Your goal ▸ After locating the line that contains "lower nestings and" in the data below, set down exactly that line and each one after it through the line that contains "(if t \<in>", and nothing more.

Source data ▸
Content starts

text \<open>Induction on the closers: the leftmost closer \<open>b\<close> is joined to one of the
  \<open>open_arcs A B b\<close> openers to its left; choosing the one with \<open>k\<close> of them on its left
  creates \<open>k\<close> nestings and crossings with all the others, whence a factor
  \<open>pq_int p q (open_arcs A B b)\<close>.\<close>
lemma sum_arc_maps:
  fixes p q :: "'a::comm_semiring_1"
  assumes "finite A" "finite B" "card A = card B"
  shows "(\<Sum>f\<in>arc_maps A B. p ^ arc_nest A f * q ^ arc_cros A f)
    = (\<Prod>v\<in>B. pq_int p q (open_arcs A B v))"
  using assms
proof (induction "card B" arbitrary: A B)
  case 0
  then have "A = {}" "B = {}" by auto
  moreover have "arc_maps {} {} = {\<lambda>_. 0}"
    by (auto simp: arc_maps_def bij_betw_def)
  ultimately show ?case
    by (simp add: arc_nest_def arc_cros_def)
next
  case (Suc k)
  define b where "b = Min B"
  have "B \<noteq> {}" using Suc.hyps(2) by auto
  then have b: "b \<in> B" "\<forall>c\<in>B. b \<le> c"
    using Suc.prems unfolding b_def by auto
  define J where "J = {a\<in>A. a < b}"
  define R where "R = (\<Prod>v\<in>B - {b}. pq_int p q (open_arcs A B v))"
  have "finite J" using Suc.prems unfolding J_def by auto
  have fiber: "(\<Sum>f | f \<in> arc_maps A B \<and> f a = b. p ^ arc_nest A f * q ^ arc_cros A f)
      = p ^ card {x\<in>J. x < a} * q ^ card {x\<in>J. a < x} * R" if "a \<in> J" for a
  proof -
    have a: "a \<in> A" "a < b" using that unfolding J_def by auto
    have "(\<Sum>g\<in>arc_maps (A - {a}) (B - {b}). p ^ arc_nest (A - {a}) g * q ^ arc_cros (A - {a}) g)
        = (\<Prod>v\<in>B - {b}. pq_int p q (open_arcs (A - {a}) (B - {b}) v))"
      using Suc a b by (intro Suc.hyps) auto
    also have "\<dots> = R"
      unfolding R_def using Suc.prems(1,2) a b by (rule prod_open_arcs_remove_first_closer)
    finally have rest: "(\<Sum>g\<in>arc_maps (A - {a}) (B - {b}).
        p ^ arc_nest (A - {a}) g * q ^ arc_cros (A - {a}) g) = R" .
    have J_sets: "{x\<in>J. x < a} = {x\<in>A. x < a}" "{x\<in>J. a < x} = {x\<in>A. a < x \<and> x < b}"
      using a unfolding J_def by auto
    show ?thesis
      unfolding sum_arc_maps_first_closer[OF \<open>finite A\<close> b a] rest J_sets ..
  qed
  have "(\<Sum>f\<in>arc_maps A B. p ^ arc_nest A f * q ^ arc_cros A f)
      = (\<Sum>a\<in>J. \<Sum>f | f \<in> arc_maps A B \<and> f a = b. p ^ arc_nest A f * q ^ arc_cros A f)"
    unfolding J_def using Suc.prems(1,2) b(1) by (rule sum_arc_maps_by_partner)
  also have "\<dots> = (\<Sum>a\<in>J. p ^ card {x\<in>J. x < a} * q ^ card {x\<in>J. a < x}) * R"
    using fiber by (simp add: sum_distrib_right)
  also have "\<dots> = pq_int p q (card J) * R"
    by (simp only: sum_rank_powers[OF \<open>finite J\<close>])
  also have "card J = open_arcs A B b"
  proof -
    have none_below: "{c\<in>B. c < b} = {}" using b(2) by force
    show ?thesis unfolding open_arcs_def J_def none_below by simp
  qed
  finally show ?case
    unfolding R_def using Suc.prems b by (simp add: prod.remove)
qed

section \<open>Permutations as pairs of arc diagrams\<close>

definition exc_pos :: "nat \<Rightarrow> (nat \<Rightarrow> nat) \<Rightarrow> nat set" where
  "exc_pos n \<sigma> = {i\<in>{1..n}. i < \<sigma> i}"

definition exc_val :: "nat \<Rightarrow> (nat \<Rightarrow> nat) \<Rightarrow> nat set" where
  "exc_val n \<sigma> = \<sigma> ` exc_pos n \<sigma>"

definition upper_arcs :: "nat \<Rightarrow> (nat \<Rightarrow> nat) \<Rightarrow> nat \<Rightarrow> nat" where
  "upper_arcs n \<sigma> i = (if i \<in> exc_pos n \<sigma> then \<sigma> i else 0)"

text \<open>A weak deficiency \<open>\<sigma> i \<le> i\<close> is drawn as the arc from \<open>\<sigma> i\<close> to \<open>i + 1\<close>; the shift makes
  these arcs point strictly to the right, and their nestings and crossings are exactly the
  lower nestings and crossings of \<open>\<sigma>\<close>.\<close>
definition lower_arcs :: "nat \<Rightarrow> (nat \<Rightarrow> nat) \<Rightarrow> nat \<Rightarrow> nat" where
  "lower_arcs n \<sigma> t = (if t \<in> {1..n} - exc_val n \<sigma> then Suc (inv \<sigma> t) else 0)"

lemma exc_pos_iff: "i \<in> exc_pos n \<sigma> \<longleftrightarrow> i \<in> {1..n} \<and> i < \<sigma> i"
  unfolding exc_pos_def by simp

lemma exc_val_iff:
  assumes "\<sigma> permutes {1..n}"
  shows "t \<in> exc_val n \<sigma> \<longleftrightarrow> t \<in> {1..n} \<and> inv \<sigma> t < t"
  using permutes_in_image[OF assms] permutes_inverses[OF assms]
    permutes_in_image[OF permutes_inv[OF assms]]
  unfolding exc_val_def exc_pos_def by (auto intro!: image_eqI[where x = "inv \<sigma> t"])

lemma not_exc_val_iff:
  assumes "\<sigma> permutes {1..n}"
  shows "t \<in> {1..n} - exc_val n \<sigma> \<longleftrightarrow> t \<in> {1..n} \<and> t \<le> inv \<sigma> t"
  using exc_val_iff[OF assms, of t] by auto

lemma card_deficiency_pairs:
  assumes sp: "\<sigma> permutes {1..n}"
  shows "card {(i, j). i \<in> {1..n} \<and> j \<in> {1..n} \<and> \<sigma> i \<le> i \<and> \<sigma> j \<le> j \<and> P (\<sigma> i) (\<sigma> j) (Suc i) (Suc j)}
    = card {(u, v). u \<in> {1..n} - exc_val n \<sigma> \<and> v \<in> {1..n} - exc_val n \<sigma>
        \<and> P u v (lower_arcs n \<sigma> u) (lower_arcs n \<sigma> v)}"
proof -
  note perm = permutes_in_image[OF sp] permutes_in_image[OF permutes_inv[OF sp]]
    permutes_inverses[OF sp] inj_eq[OF permutes_inj[OF sp]]
  let ?D = "{(i, j). i \<in> {1..n} \<and> j \<in> {1..n} \<and> \<sigma> i \<le> i \<and> \<sigma> j \<le> j \<and> P (\<sigma> i) (\<sigma> j) (Suc i) (Suc j)}"
  have image: "(\<lambda>(i, j). (\<sigma> i, \<sigma> j)) ` ?D
      = {(u, v). u \<in> {1..n} - exc_val n \<sigma> \<and> v \<in> {1..n} - exc_val n \<sigma>
      \<and> P u v (lower_arcs n \<sigma> u) (lower_arcs n \<sigma> v)}"
  proof (rule set_eqI, rule iffI)
    fix z assume "z \<in> (\<lambda>(i, j). (\<sigma> i, \<sigma> j)) ` ?D"
    then obtain w where "w \<in> ?D" "z = (\<lambda>(i, j). (\<sigma> i, \<sigma> j)) w"
      by blast
    moreover obtain i j where "w = (i, j)"
      by fastforce
    ultimately have z: "z = (\<sigma> i, \<sigma> j)" and ij: "(i, j) \<in> ?D"
      by auto
    moreover have "\<sigma> i \<in> {1..n}" "\<sigma> j \<in> {1..n}"
      using ij permutes_in_image[OF sp] by auto
    ultimately show "z \<in> {(u, v). u \<in> {1..n} - exc_val n \<sigma> \<and> v \<in> {1..n} - exc_val n \<sigma>
        \<and> P u v (lower_arcs n \<sigma> u) (lower_arcs n \<sigma> v)}"
      using perm unfolding lower_arcs_def not_exc_val_iff[OF sp] by auto
  next
    fix z assume "z \<in> {(u, v). u \<in> {1..n} - exc_val n \<sigma> \<and> v \<in> {1..n} - exc_val n \<sigma>
        \<and> P u v (lower_arcs n \<sigma> u) (lower_arcs n \<sigma> v)}"
    then obtain u v where z: "z = (u, v)" and uv: "u \<in> {1..n}" "v \<in> {1..n}"
      "u \<le> inv \<sigma> u" "v \<le> inv \<sigma> v" "P u v (Suc (inv \<sigma> u)) (Suc (inv \<sigma> v))"
      unfolding lower_arcs_def not_exc_val_iff[OF sp] by auto
    moreover have "inv \<sigma> u \<in> {1..n}" "inv \<sigma> v \<in> {1..n}"
      using uv permutes_in_image[OF permutes_inv[OF sp]] by auto
    ultimately have "(inv \<sigma> u, inv \<sigma> v) \<in> ?D"
      using perm by auto
    then show "z \<in> (\<lambda>(i, j). (\<sigma> i, \<sigma> j)) ` ?D"
      by (rule image_eqI[rotated]) (simp add: z perm)
  qed
  have "inj_on (\<lambda>(i, j). (\<sigma> i, \<sigma> j)) ?D"
    using perm by (auto simp: inj_on_def)
  from card_image[OF this] show ?thesis
    by (simp only: image)
qed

Content ends

Exercise result ▸
  lower nestings and crossings of \<open>\<sigma>\<close>.\<close>
definition lower_arcs :: "nat \<Rightarrow> (nat \<Rightarrow> nat) \<Rightarrow> nat \<Rightarrow> nat" where
  "lower_arcs n \<sigma> t = (if t \<in> {1..n} - exc_val n \<sigma> then Suc (inv \<sigma> t) else 0)"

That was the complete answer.